The Women Have Become the Truth (for Madiba)
This work, which premiered at the 2005 Native Sons’ Fahive exhibition at the National Gallery of the Cayman Islands, was created in response to the peace and reconciliation hearings in South Africa at the end of apartheid. The artist was moved by the stark truth that often the only people left to bear witness to the atrocities committed were the victims’ wives, mothers, sisters: the women, with whom she identified. The work represents a proud people’s struggle for honour in the face of dishonourable acts.
About the Artist
Nasaria Suckoo Chollette
b. 1968
Born in George Town, Grand Cayman, Suckoo Chollette received a BA in Theatre and an MA in Educational Theatre from New York University. She is a member of the artists collective Native Sons and has exhibited widely both with the group and as a solo artist. An accomplished poet and actor, her work explores themes of female strength and empowerment, race and the repercussions of enslavement, as well as the erosion of Caymanian cultural traditions.
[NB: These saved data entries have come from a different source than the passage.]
(* Let $(H,L_H)$ be a right-resolving, regular and follower-separated labeled graph, and let $C$ be a terminal component in $H$. For each $v \in C$ there is a finite path $\gamma$ in $H$ such that $t_H(\gamma) = v$ and the word $L_H(\gamma)$ is synchronizing for $L_H(X_H)$.
   Context: A labeled graph $(H,L_H)$: finite directed graph (vertices $V_H$, edges $E_H$, source/terminal maps $s_H,t_H$) without sinks or sources, labeling $L_H:E_H\to A$, edge shift $X_H$; $L_H$ acts coordinatewise; $Y=L_H(X_H)$. Right-resolving: distinct edges with the same source have distinct labels. $f_H(v)=\{L_H(x): x$ a right-infinite path starting at $v\}$; for $y\in Y$, $F(y)=\{w\in Y[0,\infty): y_{(-\infty,-1]}w\in Y\}$ with $Y[0,\infty)=\{y_{[0,\infty)}:y\in Y\}$. A vertex $v$ is regular if there is $z\in X_H$ whose edge $z_{-1}$ ends at $v$ with $f_H(v)=F(L_H(z))$; the graph is regular if all vertices are. Follower-separated: $f_H(v)=f_H(w)\Rightarrow v=w$. Components: classes of mutually reachable recurrent vertices (a vertex is recurrent if there is a path from it to itself); a component $C$ is terminal if no path leads from $C$ to a different component. A word $w$ of a subshift $Y$ is synchronizing if whenever $u,v$ are words with $uw$ and $wv$ words of $Y$, then $uwv$ is a word of $Y$. *)

theory Defs
  imports Main
begin

definition labeled_graph ::
  "'v set \<Rightarrow> 'e set \<Rightarrow> ('e \<Rightarrow> 'v) \<Rightarrow> ('e \<Rightarrow> 'v) \<Rightarrow> ('e \<Rightarrow> 'a) \<Rightarrow> bool" where
  "labeled_graph V E s t L \<longleftrightarrow> finite V \<and> finite E \<and>
     (\<forall>e\<in>E. s e \<in> V \<and> t e \<in> V) \<and>
     (\<forall>v\<in>V. (\<exists>e\<in>E. s e = v) \<and> (\<exists>e\<in>E. t e = v))"

definition edge_shift :: "'e set \<Rightarrow> ('e \<Rightarrow> 'v) \<Rightarrow> ('e \<Rightarrow> 'v) \<Rightarrow> (int \<Rightarrow> 'e) set" where
  "edge_shift E s t = {x. (\<forall>i. x i \<in> E) \<and> (\<forall>i. t (x i) = s (x (i + 1)))}"

definition label_shift ::
  "'e set \<Rightarrow> ('e \<Rightarrow> 'v) \<Rightarrow> ('e \<Rightarrow> 'v) \<Rightarrow> ('e \<Rightarrow> 'a) \<Rightarrow> (int \<Rightarrow> 'a) set" where
  "label_shift E s t L = (\<lambda>x. L \<circ> x) ` edge_shift E s t"

definition right_resolving :: "'e set \<Rightarrow> ('e \<Rightarrow> 'v) \<Rightarrow> ('e \<Rightarrow> 'a) \<Rightarrow> bool" where
  "right_resolving E s L \<longleftrightarrow>
     (\<forall>e1\<in>E. \<forall>e2\<in>E. e1 \<noteq> e2 \<and> s e1 = s e2 \<longrightarrow> L e1 \<noteq> L e2)"

definition right_paths_from :: "'e set \<Rightarrow> ('e \<Rightarrow> 'v) \<Rightarrow> ('e \<Rightarrow> 'v) \<Rightarrow> 'v \<Rightarrow> (nat \<Rightarrow> 'e) set" where
  "right_paths_from E s t v = {x. (\<forall>n. x n \<in> E) \<and> (\<forall>n. t (x n) = s (x (Suc n))) \<and> s (x 0) = v}"

definition follower_vertex ::
  "'e set \<Rightarrow> ('e \<Rightarrow> 'v) \<Rightarrow> ('e \<Rightarrow> 'v) \<Rightarrow> ('e \<Rightarrow> 'a) \<Rightarrow> 'v \<Rightarrow> (nat \<Rightarrow> 'a) set" where
  "follower_vertex E s t L v = (\<lambda>x. L \<circ> x) ` right_paths_from E s t v"

definition right_part :: "(int \<Rightarrow> 'a) set \<Rightarrow> (nat \<Rightarrow> 'a) set" where
  "right_part Y = (\<lambda>y. \<lambda>n. y (int n)) ` Y"

definition glue :: "(int \<Rightarrow> 'a) \<Rightarrow> (nat \<Rightarrow> 'a) \<Rightarrow> (int \<Rightarrow> 'a)" where
  "glue y w = (\<lambda>i. if i < 0 then y i else w (nat i))"

definition follower_point :: "(int \<Rightarrow> 'a) set \<Rightarrow> (int \<Rightarrow> 'a) \<Rightarrow> (nat \<Rightarrow> 'a) set" where
  "follower_point Y y = {w \<in> right_part Y. glue y w \<in> Y}"

definition regular_vertex ::
  "'e set \<Rightarrow> ('e \<Rightarrow> 'v) \<Rightarrow> ('e \<Rightarrow> 'v) \<Rightarrow> ('e \<Rightarrow> 'a) \<Rightarrow> 'v \<Rightarrow> bool" where
  "regular_vertex E s t L v \<longleftrightarrow>
     (\<exists>z\<in>edge_shift E s t. t (z (-1)) = v \<and>
        follower_vertex E s t L v = follower_point (label_shift E s t L) (L \<circ> z))"

definition regular_graph ::
  "'v set \<Rightarrow> 'e set \<Rightarrow> ('e \<Rightarrow> 'v) \<Rightarrow> ('e \<Rightarrow> 'v) \<Rightarrow> ('e \<Rightarrow> 'a) \<Rightarrow> bool" where
  "regular_graph V E s t L \<longleftrightarrow> (\<forall>v\<in>V. regular_vertex E s t L v)"

definition follower_separated ::
  "'v set \<Rightarrow> 'e set \<Rightarrow> ('e \<Rightarrow> 'v) \<Rightarrow> ('e \<Rightarrow> 'v) \<Rightarrow> ('e \<Rightarrow> 'a) \<Rightarrow> bool" where
  "follower_separated V E s t L \<longleftrightarrow>
     (\<forall>v\<in>V. \<forall>w\<in>V. follower_vertex E s t L v = follower_vertex E s t L w \<longrightarrow> v = w)"

definition finite_path :: "'e set \<Rightarrow> ('e \<Rightarrow> 'v) \<Rightarrow> ('e \<Rightarrow> 'v) \<Rightarrow> 'e list \<Rightarrow> bool" where
  "finite_path E s t \<gamma> \<longleftrightarrow> \<gamma> \<noteq> [] \<and> set \<gamma> \<subseteq> E \<and>
     (\<forall>i. Suc i < length \<gamma> \<longrightarrow> t (\<gamma> ! i) = s (\<gamma> ! Suc i))"

definition reach :: "'e set \<Rightarrow> ('e \<Rightarrow> 'v) \<Rightarrow> ('e \<Rightarrow> 'v) \<Rightarrow> 'v \<Rightarrow> 'v \<Rightarrow> bool" where
  "reach E s t u w \<longleftrightarrow> u = w \<or>
     (\<exists>\<gamma>. finite_path E s t \<gamma> \<and> s (hd \<gamma>) = u \<and> t (last \<gamma>) = w)"

definition recurrent :: "'v set \<Rightarrow> 'e set \<Rightarrow> ('e \<Rightarrow> 'v) \<Rightarrow> ('e \<Rightarrow> 'v) \<Rightarrow> 'v \<Rightarrow> bool" where
  "recurrent V E s t v \<longleftrightarrow> v \<in> V \<and>
     (\<exists>\<gamma>. finite_path E s t \<gamma> \<and> s (hd \<gamma>) = v \<and> t (last \<gamma>) = v)"

definition component :: "'v set \<Rightarrow> 'e set \<Rightarrow> ('e \<Rightarrow> 'v) \<Rightarrow> ('e \<Rightarrow> 'v) \<Rightarrow> 'v set \<Rightarrow> bool" where
  "component V E s t C \<longleftrightarrow> (\<exists>v. recurrent V E s t v \<and>
     C = {w. recurrent V E s t w \<and> reach E s t v w \<and> reach E s t w v})"

definition terminal_component :: "'v set \<Rightarrow> 'e set \<Rightarrow> ('e \<Rightarrow> 'v) \<Rightarrow> ('e \<Rightarrow> 'v) \<Rightarrow> 'v set \<Rightarrow> bool" where
  "terminal_component V E s t C \<longleftrightarrow> component V E s t C \<and>
     (\<forall>D. component V E s t D \<and> D \<noteq> C \<longrightarrow> \<not> (\<exists>u\<in>C. \<exists>w\<in>D. reach E s t u w))"

definition is_word :: "(int \<Rightarrow> 'a) set \<Rightarrow> 'a list \<Rightarrow> bool" where
  "is_word Y w \<longleftrightarrow> (\<exists>y\<in>Y. \<exists>i::int. w = map (\<lambda>k. y (i + int k)) [0..<length w])"

definition synchronizing :: "(int \<Rightarrow> 'a) set \<Rightarrow> 'a list \<Rightarrow> bool" where
  "synchronizing Y w \<longleftrightarrow> is_word Y w \<and>
     (\<forall>u v. is_word Y (u @ w) \<and> is_word Y (w @ v) \<longrightarrow> is_word Y (u @ w @ v))"
text \<open>Clearing denominators turns \<open>A\<close> into an integer matrix \<open>B = L A\<close>. For a vector \<open>x\<close>
  supported on a set \<open>S\<close> with \<open>|S| \<le> k < spark A\<close>, the columns of \<open>B\<close> indexed by \<open>S\<close> are
  independent, so their Gram matrix (padded with the identity outside \<open>S\<close>) is a nonsingular integer
  matrix and has determinant at least \<open>1\<close> in absolute value. Cramer's rule then recovers \<open>x\<close> from
  \<open>B x = L A x\<close> with coefficients bounded by cofactors, whose size is controlled by a crude
  Leibniz bound. All constants are powers of two with exponent quadratic in the encoding length of \<open>A\<close>,
  so \<open>\<epsilon>\<close> can be taken to be the inverse of such a power.\<close>

lemma le_two_power_ceiling_log:
  fixes x :: real
  assumes "x \<ge> 1"
  shows "x \<le> 2 ^ nat \<lceil>log 2 x\<rceil>"
proof -
  have "x = 2 powr log 2 x" using assms by simp
  also have "\<dots> \<le> 2 powr real (nat \<lceil>log 2 x\<rceil>)"
    using assms by (intro powr_mono) (auto simp: le_nat_iff)
  also have "\<dots> = 2 ^ nat \<lceil>log 2 x\<rceil>" by (simp add: powr_realpow)
  finally show ?thesis .
qed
In 2006 Suckoo Chollette won first place in the McCoy Prize competition for her painting Maiden Plum, and in 2019 she was the Bendel Hydes award winner in the inaugural biennial exhibition for her work Becoming Again (2019). In 2021 she was also the recipient of a Gold Star for Creativity at the National Arts and Culture Awards Ceremony. Her work is included in the permanent collections of NGCI and the Cayman Islands National Museum, and is featured in Art of the Cayman Islands, the islands’ first formal art history (Scala Fine Art Publishers Ltd., Fall 2016). NGCI exhibitions include: Native Sons’ Fahive (2005), The Persistence of Memory (2011), Metamorphoses (2014), All Access (2015), tIDal Shift: Explorations of Identity in Contemporary Caymanian Art (2015), Native Sons – Twenty Years On (2016), Speak to Me (2016), Mediating Self (2017), Revive: Contemporary Caymanian Craft (2017), Cross Currents – 1st Cayman Islands Biennial (2019), Island of Women: Life at Home During our Maritime Years (2020), Interior and Interiority (2020), Reimagined Futures – 2nd Cayman Islands Biennial (2021) and The People’s Collection – A 25-Year Cultural Legacy (2022).